Zoe Margolis’s book Girl with a One Track Mind, published under the pseudonym Abby Lee, set out to address the problem of prudishness. ‘My own friends appear quite happy to sit in a pub, swapping Sex and the City anecdotes and joking about rabbit vibrators. But, the thing is, if I want to get into more detail and mention something like, say, wanting to try out a cock ring on a guy, whole fingering his arse, they all suddenly become rather quiet … And I’d be left sitting there staring at the bartender’s trouser bulge …’ And in case you were unclear about the kind of sex she likes to have, and its exact definition, she’s included a handy list: The Girl’s Guide to Fuck-Buddies: Definitions. ‘A fuck-buddy is someone with whom you are sexually involved, but with no romantic or emotional strings attached. They are NOT a friend that you fuck … the fuck-buddy relationship is purely sexual.’ Or, lest you foolishly still thought that you might be allowed to squeeze a bit of humanity into the transaction: ‘With a fuck-buddy, there is no real intimacy beyond nudity and mutual hotness … It’s not like meeting up with a mate to watch a movie and talking about the plot afterwards over dinner. By definition a fuck-buddy relationship happens on a physical level only.’

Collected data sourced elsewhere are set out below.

lemma has_field_derivative_linepath_integral_power_kernel:
  assumes holo: "g holomorphic_on S" and "open S" and "a \<in> S"
    and segments: "\<And>y. y \<in> S \<Longrightarrow> closed_segment a y \<subseteq> S" and "x \<in> S"
  shows "((\<lambda>y. contour_integral (linepath a y) (\<lambda>t. (t - y) ^ Suc m * g t)) has_field_derivative
      - of_nat (Suc m) * contour_integral (linepath a x) (\<lambda>t. (t - x) ^ m * g t)) (at x)"
proof -
  define \<Phi> where "\<Phi> j y = contour_integral (linepath a y) (\<lambda>t. t ^ j * g t)" for j y
  have cont: "continuous_on (closed_segment a y) g" if "y \<in> S" for y
    using holomorphic_on_imp_continuous_on[OF holo] segments[OF that] by (rule continuous_on_subset)
  have d\<Phi>: "(\<Phi> j has_field_derivative x ^ j * g x) (at x)" for j
    unfolding \<Phi>_def[abs_def]
    by (rule has_field_derivative_linepath_integral[OF _ assms(2-5)]) (intro holomorphic_intros holo)
  \<comment> \<open>The binomial expansion of \<open>(t - y)\<^sup>k\<close> moves the endpoint \<open>y\<close> out of the integrand.\<close>
  have expand: "contour_integral (linepath a y) (\<lambda>t. (t - y) ^ k * g t) =
      (\<Sum>j\<le>k. of_nat (k choose j) * (- y) ^ (k - j) * \<Phi> j y)" if "y \<in> S" for k y
    unfolding \<Phi>_def by (rule contour_integral_linepath_power_kernel[OF cont[OF that]])
  let ?G = "\<lambda>y. \<Sum>j\<le>Suc m. of_nat (Suc m choose j) * (- y) ^ (Suc m - j) * \<Phi> j y"
  let ?A = "\<lambda>j. of_nat (Suc m choose j) * - (of_nat (Suc m - j) * (- x) ^ (Suc m - j - 1)) * \<Phi> j x"
  let ?B = "\<lambda>j. of_nat (Suc m choose j) * (- x) ^ (Suc m - j) * (x ^ j * g x)"
  have "(?G has_field_derivative (\<Sum>j\<le>Suc m. ?A j + ?B j)) (at x)"
    by (intro DERIV_sum) (auto intro!: derivative_eq_intros d\<Phi>)
  moreover have "(\<Sum>j\<le>Suc m. ?B j) = (\<Sum>j\<le>Suc m. of_nat (Suc m choose j) * x ^ j * (- x) ^ (Suc m - j)) * g x"
    unfolding sum_distrib_right by (rule sum.cong) (simp_all add: mult_ac)
  moreover have "\<dots> = 0"
    by (simp flip: binomial_ring)
  moreover have "?A j = - of_nat (Suc m) * (of_nat (m choose j) * (- x) ^ (m - j) * \<Phi> j x)" if "j \<le> m" for j
  proof -
    have "of_nat (Suc m choose j) * of_nat (Suc m - j) = (of_nat (Suc m) * of_nat (m choose j) :: complex)"
      using binomial_absorb_comp[of "Suc m" j] by (metis of_nat_mult diff_Suc_1 mult.commute)
    moreover have "Suc m - j - 1 = m - j" by simp
    ultimately show ?thesis
      by (metis (no_types, lifting) mult.assoc mult.left_commute mult_minus_left mult_minus_right)
  qed
  then have "(\<Sum>j\<le>Suc m. ?A j) = - of_nat (Suc m) * (\<Sum>j\<le>m. of_nat (m choose j) * (- x) ^ (m - j) * \<Phi> j x)"
    by (simp add: sum_distrib_left)
  ultimately have "(?G has_field_derivative
      - of_nat (Suc m) * (\<Sum>j\<le>m. of_nat (m choose j) * (- x) ^ (m - j) * \<Phi> j x)) (at x)"
    by (simp only: sum.distrib) simp
  then have "((\<lambda>y. contour_integral (linepath a y) (\<lambda>t. (t - y) ^ Suc m * g t)) has_field_derivative
      - of_nat (Suc m) * (\<Sum>j\<le>m. of_nat (m choose j) * (- x) ^ (m - j) * \<Phi> j x)) (at x)"
    by (rule has_field_derivative_transform_within_open[OF _ \<open>open S\<close> \<open>x \<in> S\<close>])
      (rule expand[symmetric])
  then show ?thesis
    unfolding expand[OF \<open>x \<in> S\<close>, of m] .
qed

lemma has_field_derivative_eq_imp_eq_on_connected:
  fixes f g h :: "complex \<Rightarrow> complex"
  assumes "connected S" "open S" "a \<in> S" "x \<in> S" and "f a = g a"
    and "\<And>z. z \<in> S \<Longrightarrow> (f has_field_derivative h z) (at z)"
    and "\<And>z. z \<in> S \<Longrightarrow> (g has_field_derivative h z) (at z)"
  shows "f x = g x"
proof -
  have "(\<lambda>z. f z - g z) constant_on S"
  proof (rule has_field_derivative_0_imp_constant_on[OF _ assms(1,2)])
    show "((\<lambda>z. f z - g z) has_field_derivative 0) (at z)" if "z \<in> S" for z
      using DERIV_diff[OF assms(6,7)[OF that]] by simp
  qed
  then obtain c where "\<And>z. z \<in> S \<Longrightarrow> f z - g z = c"
    unfolding constant_on_def by blast
  then show ?thesis
    using assms(3-5) by (metis right_minus_eq)
qed

lemma has_field_derivative_powr_times_power_sum:
  fixes a :: complex and c :: "nat \<Rightarrow> complex"
  assumes "x \<notin> \<real>\<^sub>\<le>\<^sub>0"
  shows "((\<lambda>x. x powr a * (\<Sum>\<nu>\<le>N. c \<nu> * x ^ \<nu>)) has_field_derivative
      x powr (a - 1) * (\<Sum>\<nu>\<le>N. (a + of_nat \<nu>) * c \<nu> * x ^ \<nu>)) (at x)"
proof -
  let ?S = "\<Sum>\<nu>\<le>N. c \<nu> * x ^ \<nu>" and ?S' = "\<Sum>\<nu>\<le>N. of_nat \<nu> * x ^ (\<nu> - 1) * c \<nu>"
  have deriv: "((\<lambda>x. x powr a * (\<Sum>\<nu>\<le>N. c \<nu> * x ^ \<nu>)) has_field_derivative
      a * x powr (a - 1) * ?S + x powr a * ?S') (at x)"
    using assms by (auto intro!: derivative_eq_intros)
  have "x powr a = x powr (a - 1) * x"
    using assms by (auto simp add: powr_def exp_diff field_simps)
  then have "a * x powr (a - 1) * ?S + x powr a * ?S' = x powr (a - 1) * (a * ?S + x * ?S')"
    by (simp add: algebra_simps)
  also have "x * ?S' = (\<Sum>\<nu>\<le>N. of_nat \<nu> * c \<nu> * x ^ \<nu>)"
  proof -
    have "x * (of_nat \<nu> * x ^ (\<nu> - 1) * c \<nu>) = of_nat \<nu> * c \<nu> * x ^ \<nu>" for \<nu>
      by (cases \<nu>) auto
    then show ?thesis
      unfolding sum_distrib_left by (intro sum.cong refl)
  qed
  also have "a * ?S + (\<Sum>\<nu>\<le>N. of_nat \<nu> * c \<nu> * x ^ \<nu>) = (\<Sum>\<nu>\<le>N. (a + of_nat \<nu>) * c \<nu> * x ^ \<nu>)"
    by (simp add: sum_distrib_left distrib_right sum.distrib mult.assoc)
  finally show ?thesis
    by (rule DERIV_cong[OF deriv])
qed

lemma has_field_derivative_power_sum:
  fixes c :: "nat \<Rightarrow> 'a :: real_normed_field"
  shows "((\<lambda>x. \<Sum>\<nu>\<le>Suc N. c \<nu> * x ^ \<nu>) has_field_derivative
      (\<Sum>\<nu>\<le>N. of_nat (Suc \<nu>) * c (Suc \<nu>) * x ^ \<nu>)) (at x)"
proof -
  have "((\<lambda>x. \<Sum>\<nu>\<le>Suc N. c \<nu> * x ^ \<nu>) has_field_derivative
      (\<Sum>\<nu>\<le>Suc N. c \<nu> * (of_nat \<nu> * x ^ (\<nu> - 1)))) (at x)"
    by (intro DERIV_sum) (auto intro!: derivative_eq_intros)
  then show ?thesis
    by (simp add: sum.atMost_Suc_shift mult_ac del: sum.atMost_Suc)
qed

lemma gbinomial_absorb_comp_diff:
  fixes a :: "'a :: field_char_0"
  assumes "k \<le> n"
  shows "(a + of_nat k) * ((of_nat n + a) gchoose (n - k)) = (of_nat n + a) * ((of_nat n + a - 1) gchoose (n - k))"
  using gbinomial_absorb_comp[of "of_nat n + a" "n - k"] assms by (simp add: of_nat_diff)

A far cry from the words of early 20th-century anarchist Emma Goldman in Living My Life, who was put in prison for her defence of women’s rights to contraception: ‘I have propagated freedom in sex. I have had many men myself. But I have loved them; I have never been able to go indiscriminately with men.’

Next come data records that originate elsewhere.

lemma ln_KCKN:
  assumes p: "p = 2 * (m + 1) / m" and m: "m > 0" and t: "2 * ((m + 1) * \<theta>) > 1"
  shows "KCKN \<theta> p 1 > 0"
    and "ln (KCKN \<theta> p 1) = \<theta> * (phi m / ((m + 1) * \<theta>) + log_K_tail ((m + 1) * \<theta>))"
proof -
  define t where "t = (m + 1) * \<theta>"
  have "2*t > 1" using t unfolding t_def .
  have base1: "(2*p*\<theta> + 2 - p) / (p - 2)^2 = m * (2*t - 1) / 2"
    unfolding p t_def using m by (simp add: field_simps power2_eq_square)
  have base2: "2*p*\<theta> / (2*p*\<theta> + 2 - p) = 2*t / (2*t - 1)"
  proof -
    have num: "2*p*\<theta> = 4*t / m" and den: "2*p*\<theta> + 2 - p = 2 * (2*t - 1) / m"
      unfolding p t_def using m by (simp_all add: field_simps)
    show ?thesis unfolding den unfolding num using m \<open>2*t > 1\<close> by (simp add: field_simps)
  qed
  have base3: "(p + 2) / 4 = (2*m + 1) / (2*m)"
    unfolding p using m by (simp add: field_simps)
  have base4: "sqrt pi * Gamma (2 / (p - 2)) / Gamma (2 / (p - 2) + 1/2) = gamma_ratio m"
    unfolding gamma_ratio_def p using m by (simp add: field_simps)
  have exps: "(p - 2) / (2*p) = 1 / (2 * (m + 1))" "(p - 2) / p = 1 / (m + 1)"
    unfolding p using m by (simp_all add: field_simps)
  have exp3: "(6 - p) / (2*p) = (2*m - 1) / (2 * (m + 1))"
  proof -
    have num: "6 - p = (4*m - 2) / m" and den: "2*p = 4 * (m + 1) / m"
      unfolding p using m by (simp_all add: field_simps)
    show ?thesis unfolding num den using m by (simp add: divide_simps) (simp add: algebra_simps)
  qed
  have K: "KCKN \<theta> p 1 = (m * (2*t - 1) / 2) powr (1 / (2 * (m + 1))) * (2*t / (2*t - 1)) powr \<theta>
      * ((2*m + 1) / (2*m)) powr ((2*m - 1) / (2 * (m + 1))) * gamma_ratio m powr (1 / (m + 1))"
    unfolding KCKN_def base1 base2 base3 base4 exps exp3 by simp
  have pos: "m * (2*t - 1) / 2 > 0" "2*t / (2*t - 1) > 0" "(2*m + 1) / (2*m) > 0" "gamma_ratio m > 0"
    using m \<open>2*t > 1\<close> gamma_ratio_pos[OF m] by auto
  then show "KCKN \<theta> p 1 > 0"
    unfolding K by (intro mult_pos_pos) auto
  have "ln (KCKN \<theta> p 1) = (ln m + ln ((2*t - 1) / 2)) / (2 * (m + 1)) + \<theta> * ln (2*t / (2*t - 1))
      + (2*m - 1) / (2 * (m + 1)) * ln ((2*m + 1) / (2*m)) + ln (gamma_ratio m) / (m + 1)"
    unfolding K using pos m \<open>2*t > 1\<close> by (simp add: ln_mult ln_powr ln_div)
  also have "\<dots> = \<theta> * (phi m / t + log_K_tail t)"
  proof -
    have \<theta>_eq: "\<theta> = t / (m + 1)" unfolding t_def using m by simp
    show ?thesis
      unfolding phi_def log_K_tail_def \<theta>_eq using m \<open>2*t > 1\<close>
      by (simp add: divide_simps) (simp add: algebra_simps)
  qed
  finally show "ln (KCKN \<theta> p 1) = \<theta> * (phi m / ((m + 1) * \<theta>) + log_K_tail ((m + 1) * \<theta>))"
    unfolding t_def .
qed

lemma vartheta2_less_iff:
  assumes "p > 2"
  shows "vartheta2 p < \<theta> \<longleftrightarrow> (2 / (p - 2) + 1) * \<theta> > 1"
proof -
  have "2 / (p - 2) + 1 = p / (p - 2)" using assms by (simp add: field_simps)
  then show ?thesis unfolding vartheta2_def using assms by (simp add: field_simps)
qed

Ricky Emanuel, the psychotherapist, is despairing at the One Track Mind culture. He told me in the canteen of the Royal Free Hospital: “This is the commodification of sex and it’s extremely damaging to girls. I have some patients having sex with five people at the same time, described as “friends that I do stuff with”. This is infantile sexuality; it’s about excitement, fizziness, completely devoid of emotional depth or benefit. Young women feel they have to do it – but the lack of meaning makes them depressed. I have to ask: what’s happened to courting? Getting to know someone? It’s not by chance that biblically they used “know” as a meaning for deep and emotional sexual contact. These days much casual sex has nothing to do with knowing.’

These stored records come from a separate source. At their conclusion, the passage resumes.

lemma (in prob_space) indep_var_of_product_rule:
  assumes "random_variable S X" "random_variable T Y"
    and prod: "\<And>A B. A \<in> sets S \<Longrightarrow> B \<in> sets T \<Longrightarrow>
      prob (X -` A \<inter> Y -` B \<inter> space M) = prob (X -` A \<inter> space M) * prob (Y -` B \<inter> space M)"
  shows "indep_var S X T Y"
proof -
  have stable: "Int_stable {F -` A \<inter> space M |A. A \<in> sets N}" for F :: "'a \<Rightarrow> 'c" and N
  proof (safe intro!: Int_stableI)
    fix A B assume "A \<in> sets N" "B \<in> sets N"
    then show "\<exists>C. (F -` A \<inter> space M) \<inter> (F -` B \<inter> space M) = F -` C \<inter> space M \<and> C \<in> sets N"
      by (intro exI[of _ "A \<inter> B"]) auto
  qed
  have "indep_set {X -` A \<inter> space M |A. A \<in> sets S} {Y -` B \<inter> space M |B. B \<in> sets T}"
  proof (rule indep_setI)
    fix a b assume "a \<in> {X -` A \<inter> space M |A. A \<in> sets S}" "b \<in> {Y -` B \<inter> space M |B. B \<in> sets T}"
    then obtain A B where "A \<in> sets S" "B \<in> sets T" "a = X -` A \<inter> space M" "b = Y -` B \<inter> space M"
      by blast
    moreover have "a \<inter> b = X -` A \<inter> Y -` B \<inter> space M" using calculation by blast
    ultimately show "prob (a \<inter> b) = prob a * prob b" using prod by simp
  qed (use measurable_sets[OF assms(1)] measurable_sets[OF assms(2)] in blast)+
  then show ?thesis
    unfolding indep_var_eq using assms(1,2) by (intro conjI indep_set_sigma_sets stable)
qed

lemma uncorrelated_of_independent:
  fixes X :: "'a \<Rightarrow> real^'n" and eps :: "'a \<Rightarrow> real^'m"
  assumes "prob_space M" and X: "L2_vec M X" "centered M X" and E: "L2_vec M eps"
    and indep: "\<forall>S \<in> sets borel. \<forall>T \<in> sets borel.
       measure M (X -` S \<inter> eps -` T \<inter> space M)
         = measure M (X -` S \<inter> space M) * measure M (eps -` T \<inter> space M)"
  shows "cross_moment M X eps = 0"
proof -
  interpret prob_space M by fact
  have "integral\<^sup>L M (\<lambda>\<omega>. X \<omega> $ i * eps \<omega> $ j) = 0" for i j
  proof -
    have "indep_var borel (\<lambda>\<omega>. X \<omega> $ i) borel (\<lambda>\<omega>. eps \<omega> $ j)"
    proof (rule indep_var_of_product_rule)
      fix A B :: "real set" assume A: "A \<in> sets borel" and B: "B \<in> sets borel"
      have "(\<lambda>x::real^'n. x $ i) -` A \<in> sets borel"
        using measurable_sets[OF _ A, of "\<lambda>x::real^'n. x $ i" borel] by simp
      moreover have "(\<lambda>y::real^'m. y $ j) -` B \<in> sets borel"
        using measurable_sets[OF _ B, of "\<lambda>y::real^'m. y $ j" borel] by simp
      ultimately show "prob ((\<lambda>\<omega>. X \<omega> $ i) -` A \<inter> (\<lambda>\<omega>. eps \<omega> $ j) -` B \<inter> space M)
          = prob ((\<lambda>\<omega>. X \<omega> $ i) -` A \<inter> space M) * prob ((\<lambda>\<omega>. eps \<omega> $ j) -` B \<inter> space M)"
        using indep by (auto simp: vimage_def dest!: bspec)
    qed (simp_all add: L2_component_measurable X E)
    then have "integral\<^sup>L M (\<lambda>\<omega>. X \<omega> $ i * eps \<omega> $ j)
        = integral\<^sup>L M (\<lambda>\<omega>. X \<omega> $ i) * integral\<^sup>L M (\<lambda>\<omega>. eps \<omega> $ j)"
      by (rule indep_var_lebesgue_integral)
        (simp_all add: L2_component_integrable[OF prob_space_axioms] X E)
    then show ?thesis using X(2) by (simp add: centered_def)
  qed
  then show ?thesis by (simp add: cross_moment_def vec_eq_iff)
qed

lemma linear_model_moments:
  fixes X :: "'a \<Rightarrow> real^'p" and eps :: "'a \<Rightarrow> real^'q" and Z :: "real^'p^'q"
  assumes X: "L2_vec M X" and E: "L2_vec M eps" and uncorr: "cross_moment M X eps = 0"
  defines "Y \<equiv> \<lambda>\<omega>. Z *v X \<omega> + eps \<omega>"
  shows "L2_vec M Y"
    and "cross_moment M X Y = cov_mat M X ** transpose Z"
    and "cross_moment M eps Y = cov_mat M eps"
    and "cross_moment M Y Y = Z ** cov_mat M X ** transpose Z + cov_mat M eps"
proof -
  have ZX: "L2_vec M (\<lambda>\<omega>. Z *v X \<omega>)" by (rule L2_linear_image[OF X])
  show Y: "L2_vec M Y" unfolding Y_def by (rule L2_add[OF ZX E])
  have "cross_moment M eps X = transpose (cross_moment M X eps)"
    by (simp add: cross_moment_transpose)
  then have "cross_moment M eps X = 0" by (simp add: uncorr transpose_def vec_eq_iff)
  then show "cross_moment M eps Y = cov_mat M eps"
    by (simp add: Y_def cross_moment_add_right ZX E cross_moment_linear_right X cov_mat_eq_cross_moment)
  show XY: "cross_moment M X Y = cov_mat M X ** transpose Z"
    by (simp add: Y_def cross_moment_add_right ZX X E cross_moment_linear_right uncorr
        cov_mat_eq_cross_moment)
  have "cross_moment M Y Y = Z ** cross_moment M X Y + cross_moment M eps Y"
    unfolding Y_def by (simp add: cross_moment_add_left ZX E Y[unfolded Y_def] cross_moment_linear_left X)
  then show "cross_moment M Y Y = Z ** cov_mat M X ** transpose Z + cov_mat M eps"
    using XY \<open>cross_moment M eps Y = cov_mat M eps\<close> by (simp add: matrix_mul_assoc)
qed

theorem mainTheorem4:
  fixes M :: "'a measure"
    and X :: "'a \<Rightarrow> real^'p" and eps :: "'a \<Rightarrow> real^'q" and Z :: "real^'p^'q"
  assumes "prob_space M"
    and "L2_vec M X" and "centered M X"
    and "L2_vec M eps" and "centered M eps"
    and indep: "\<forall>S \<in> sets borel. \<forall>T \<in> sets borel.
       measure M (X -` S \<inter> eps -` T \<inter> space M)
         = measure M (X -` S \<inter> space M) * measure M (eps -` T \<inter> space M)"
  defines "Y \<equiv> (\<lambda>\<omega>. Z *v X \<omega> + eps \<omega>)"
    and "\<Sigma> \<equiv> cov_mat M X" and "V \<equiv> cov_mat M eps"
  defines "B \<equiv> Z ** \<Sigma> ** transpose Z"
  defines "C \<equiv> B + V"
  defines "K \<equiv> \<Sigma> ** transpose Z ** mp_inverse C"
    and "Z\<^sub>\<Sigma> \<equiv> \<Sigma> ** transpose Z ** mp_inverse B"
  shows "(AE \<omega> in M. oP M eps Y \<omega> = (mat 1 - Z ** K) *v Y \<omega>)
    \<and> (AE \<omega> in M. oP M X Y \<omega> = K *v Y \<omega>)
    \<and> (AE \<omega> in M. oP M X Y \<omega> = Z\<^sub>\<Sigma> *v (Y \<omega> - oP M eps Y \<omega>))"
proof -
  note X = assms(2) and E = assms(4)
  have "cross_moment M X eps = 0" by (rule uncorrelated_of_independent[OF assms(1-4) indep])
  from linear_model_moments[OF X E this, of Z, folded Y_def \<Sigma>_def V_def, folded B_def, folded C_def]
  have Y: "L2_vec M Y" and XY: "cross_moment M X Y = \<Sigma> ** transpose Z"
    and EY: "cross_moment M eps Y = V" and YY: "cross_moment M Y Y = C" by blast+
  have KC: "K ** C = \<Sigma> ** transpose Z"
    using cross_moment_mp_inverse[OF X Y] by (simp add: XY YY K_def)
  have "Z\<^sub>\<Sigma> ** B = \<Sigma> ** transpose Z"
    using cross_moment_mp_inverse[OF X L2_linear_image[OF X, of Z]]
    by (simp add: cross_moment_linear_left cross_moment_linear_right L2_linear_image X
        matrix_mul_assoc cov_mat_eq_cross_moment \<Sigma>_def B_def Z\<^sub>\<Sigma>_def)
  then have ZSigma_ZK: "Z\<^sub>\<Sigma> ** (Z ** K) = K"
    by (simp add: K_def B_def matrix_mul_assoc)
  have "(mat 1 - Z ** K) ** C = V"
    by (simp add: matrix_diff_rdistrib KC flip: matrix_mul_assoc) (simp add: C_def B_def matrix_mul_assoc)
  then have oP_eps: "AE \<omega> in M. oP M eps Y \<omega> = (mat 1 - Z ** K) *v Y \<omega>"
    by (intro oP_normal_equations E Y) (simp add: YY EY)
  have oP_X: "AE \<omega> in M. oP M X Y \<omega> = K *v Y \<omega>"
    by (intro oP_normal_equations X Y) (simp add: YY XY KC)
  have "AE \<omega> in M. oP M X Y \<omega> = Z\<^sub>\<Sigma> *v (Y \<omega> - oP M eps Y \<omega>)"
    using oP_eps oP_X
    by eventually_elim (simp add: matrix_vector_mult_diff_rdistrib matrix_vector_mul_assoc ZSigma_ZK)
  with oP_eps oP_X show ?thesis by blast
qed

Catherine Townsend’s well-written book, Sleeping Around: Secrets of a Sexual Adventuress, is about: ‘Threesomes, sorbet sex, drunk dialling, multiple orgasms, girly gossip-swaps, buying silk underwear – welcome to dating the modern girl’s way.’ Wait, so if I have sex with (or is it while eating?) sorbet and buy silk underwear and cosmos, I’ll have multiple orgasms? This is similar to the picture presented in Sex and the City, the seductive mixture of lifestyle and sex – but even in SATC you’re not guaranteed a multiple orgasm. That’s because even having one orgasm during sex isn’t easy for a lot of women – it’s thought that 20 to 30 per cent of women can do it through vaginal penetration; the rest require a degree of confidence to ask for other stimulation in a particular fashion, which takes time and a bit of trust.

The sex itself

Have you noticed that the sex you have when you don’t know or like the person you’re sleeping with is sort of actually not that great, when you think about it? What happens is that you do it, you get excited by this fact, tell all your friends, then forget the actual moments of alienation in the sex itself.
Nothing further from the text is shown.